PROBLEM:
Up to and including the line with "by (rule tendsto_ip_left[OF d])", copy the records below exactly from their first line.
******
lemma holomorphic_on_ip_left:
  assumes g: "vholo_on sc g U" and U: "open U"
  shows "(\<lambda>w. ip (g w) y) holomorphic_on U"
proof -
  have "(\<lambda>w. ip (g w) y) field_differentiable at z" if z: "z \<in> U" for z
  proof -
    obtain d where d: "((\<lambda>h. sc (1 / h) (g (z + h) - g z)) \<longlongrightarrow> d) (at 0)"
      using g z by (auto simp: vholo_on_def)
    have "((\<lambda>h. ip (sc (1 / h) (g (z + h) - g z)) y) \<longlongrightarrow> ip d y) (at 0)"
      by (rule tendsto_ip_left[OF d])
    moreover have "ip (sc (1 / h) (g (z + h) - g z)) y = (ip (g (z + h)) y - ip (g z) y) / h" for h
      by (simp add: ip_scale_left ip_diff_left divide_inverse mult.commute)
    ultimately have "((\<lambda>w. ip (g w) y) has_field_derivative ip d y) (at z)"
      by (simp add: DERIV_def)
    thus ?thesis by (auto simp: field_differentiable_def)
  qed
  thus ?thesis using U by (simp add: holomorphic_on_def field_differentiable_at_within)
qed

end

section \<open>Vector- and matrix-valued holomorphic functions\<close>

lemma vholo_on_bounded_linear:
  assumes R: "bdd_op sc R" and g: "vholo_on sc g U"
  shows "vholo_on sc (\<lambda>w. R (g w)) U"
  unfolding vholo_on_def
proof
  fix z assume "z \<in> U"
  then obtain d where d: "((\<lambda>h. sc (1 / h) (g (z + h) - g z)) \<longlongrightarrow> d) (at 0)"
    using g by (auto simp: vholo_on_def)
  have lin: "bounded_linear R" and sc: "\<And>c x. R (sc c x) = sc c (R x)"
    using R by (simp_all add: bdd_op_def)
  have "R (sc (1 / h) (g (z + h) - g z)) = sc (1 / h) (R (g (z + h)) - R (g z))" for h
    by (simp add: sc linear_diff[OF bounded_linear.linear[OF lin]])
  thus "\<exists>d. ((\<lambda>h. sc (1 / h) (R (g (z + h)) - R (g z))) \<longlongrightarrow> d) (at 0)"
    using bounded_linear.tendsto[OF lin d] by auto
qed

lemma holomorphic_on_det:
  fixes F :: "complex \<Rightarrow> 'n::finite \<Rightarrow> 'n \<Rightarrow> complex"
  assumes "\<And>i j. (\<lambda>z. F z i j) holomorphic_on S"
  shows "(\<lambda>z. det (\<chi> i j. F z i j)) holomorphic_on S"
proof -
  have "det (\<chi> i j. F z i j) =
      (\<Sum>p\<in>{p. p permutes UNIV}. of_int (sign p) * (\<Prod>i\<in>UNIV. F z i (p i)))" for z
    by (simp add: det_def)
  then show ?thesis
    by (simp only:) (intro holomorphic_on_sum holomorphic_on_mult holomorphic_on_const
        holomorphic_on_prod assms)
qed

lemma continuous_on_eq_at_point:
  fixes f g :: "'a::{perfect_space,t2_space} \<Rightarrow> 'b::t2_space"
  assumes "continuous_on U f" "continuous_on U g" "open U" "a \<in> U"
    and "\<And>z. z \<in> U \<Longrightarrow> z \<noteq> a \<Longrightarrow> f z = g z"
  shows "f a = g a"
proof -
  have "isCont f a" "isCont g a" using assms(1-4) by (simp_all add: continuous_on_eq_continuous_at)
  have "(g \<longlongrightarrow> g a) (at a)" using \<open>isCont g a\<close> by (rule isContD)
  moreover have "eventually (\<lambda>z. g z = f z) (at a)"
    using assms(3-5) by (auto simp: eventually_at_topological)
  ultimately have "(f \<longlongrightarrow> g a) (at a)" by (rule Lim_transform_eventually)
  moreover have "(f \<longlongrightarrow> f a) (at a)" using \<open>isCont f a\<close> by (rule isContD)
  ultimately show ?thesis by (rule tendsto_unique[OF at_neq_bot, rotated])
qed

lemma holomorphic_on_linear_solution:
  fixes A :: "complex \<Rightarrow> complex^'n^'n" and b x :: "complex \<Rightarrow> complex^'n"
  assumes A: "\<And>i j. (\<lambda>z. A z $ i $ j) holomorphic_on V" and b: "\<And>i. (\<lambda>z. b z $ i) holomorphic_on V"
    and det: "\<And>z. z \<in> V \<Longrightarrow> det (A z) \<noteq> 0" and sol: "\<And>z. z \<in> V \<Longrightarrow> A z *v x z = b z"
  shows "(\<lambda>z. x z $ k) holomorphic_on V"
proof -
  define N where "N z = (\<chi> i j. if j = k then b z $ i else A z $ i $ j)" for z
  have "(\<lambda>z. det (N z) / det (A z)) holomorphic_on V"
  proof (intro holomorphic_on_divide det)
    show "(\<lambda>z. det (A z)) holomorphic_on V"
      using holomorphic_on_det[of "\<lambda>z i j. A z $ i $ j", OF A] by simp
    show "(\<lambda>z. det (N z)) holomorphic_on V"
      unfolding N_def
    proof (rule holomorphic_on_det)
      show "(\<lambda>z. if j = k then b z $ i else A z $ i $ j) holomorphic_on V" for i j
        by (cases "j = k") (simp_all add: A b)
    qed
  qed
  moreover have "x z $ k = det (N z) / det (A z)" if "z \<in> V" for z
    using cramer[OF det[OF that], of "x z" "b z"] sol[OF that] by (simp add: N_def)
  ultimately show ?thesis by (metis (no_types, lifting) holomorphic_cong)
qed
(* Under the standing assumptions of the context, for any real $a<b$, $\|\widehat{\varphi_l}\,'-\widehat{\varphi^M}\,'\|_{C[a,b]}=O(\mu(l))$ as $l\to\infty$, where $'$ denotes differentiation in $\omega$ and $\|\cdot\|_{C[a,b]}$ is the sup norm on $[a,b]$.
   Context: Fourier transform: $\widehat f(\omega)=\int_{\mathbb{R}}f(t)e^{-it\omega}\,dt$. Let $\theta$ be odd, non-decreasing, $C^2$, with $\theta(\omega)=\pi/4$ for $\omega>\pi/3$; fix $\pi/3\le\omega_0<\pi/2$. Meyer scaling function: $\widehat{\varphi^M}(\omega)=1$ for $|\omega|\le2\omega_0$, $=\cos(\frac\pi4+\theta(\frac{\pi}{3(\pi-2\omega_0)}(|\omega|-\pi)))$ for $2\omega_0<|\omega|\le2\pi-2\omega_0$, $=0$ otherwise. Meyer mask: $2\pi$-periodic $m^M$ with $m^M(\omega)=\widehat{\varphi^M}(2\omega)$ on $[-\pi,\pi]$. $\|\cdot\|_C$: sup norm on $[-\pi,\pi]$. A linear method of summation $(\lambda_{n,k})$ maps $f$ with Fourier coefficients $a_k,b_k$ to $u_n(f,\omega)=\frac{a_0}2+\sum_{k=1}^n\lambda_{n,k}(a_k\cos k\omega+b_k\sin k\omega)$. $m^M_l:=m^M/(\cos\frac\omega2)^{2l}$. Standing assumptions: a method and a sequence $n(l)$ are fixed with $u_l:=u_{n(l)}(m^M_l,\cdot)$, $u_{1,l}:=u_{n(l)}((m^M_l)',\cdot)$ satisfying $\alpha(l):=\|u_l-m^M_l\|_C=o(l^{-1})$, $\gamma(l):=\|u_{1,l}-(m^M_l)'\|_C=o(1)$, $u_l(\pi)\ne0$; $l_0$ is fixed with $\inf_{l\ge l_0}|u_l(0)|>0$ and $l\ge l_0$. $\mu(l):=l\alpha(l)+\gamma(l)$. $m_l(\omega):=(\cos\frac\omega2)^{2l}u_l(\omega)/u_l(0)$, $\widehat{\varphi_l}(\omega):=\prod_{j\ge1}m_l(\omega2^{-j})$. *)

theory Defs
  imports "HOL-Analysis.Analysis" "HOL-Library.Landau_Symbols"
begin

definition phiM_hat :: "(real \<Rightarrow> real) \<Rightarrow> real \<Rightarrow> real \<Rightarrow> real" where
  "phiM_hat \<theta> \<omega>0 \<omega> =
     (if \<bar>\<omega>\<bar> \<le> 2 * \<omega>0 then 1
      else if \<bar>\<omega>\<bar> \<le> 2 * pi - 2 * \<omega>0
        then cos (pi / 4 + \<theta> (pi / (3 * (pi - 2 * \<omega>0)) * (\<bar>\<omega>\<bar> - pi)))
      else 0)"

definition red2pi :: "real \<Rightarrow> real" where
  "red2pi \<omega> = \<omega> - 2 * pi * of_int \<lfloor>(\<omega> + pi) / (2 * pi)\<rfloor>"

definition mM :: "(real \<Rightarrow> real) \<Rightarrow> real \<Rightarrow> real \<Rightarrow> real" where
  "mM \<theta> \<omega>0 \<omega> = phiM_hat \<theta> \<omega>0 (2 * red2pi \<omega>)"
******
EXPECTED ANSWER:
lemma holomorphic_on_ip_left:
  assumes g: "vholo_on sc g U" and U: "open U"
  shows "(\<lambda>w. ip (g w) y) holomorphic_on U"
proof -
  have "(\<lambda>w. ip (g w) y) field_differentiable at z" if z: "z \<in> U" for z
  proof -
    obtain d where d: "((\<lambda>h. sc (1 / h) (g (z + h) - g z)) \<longlongrightarrow> d) (at 0)"
      using g z by (auto simp: vholo_on_def)
    have "((\<lambda>h. ip (sc (1 / h) (g (z + h) - g z)) y) \<longlongrightarrow> ip d y) (at 0)"
      by (rule tendsto_ip_left[OF d])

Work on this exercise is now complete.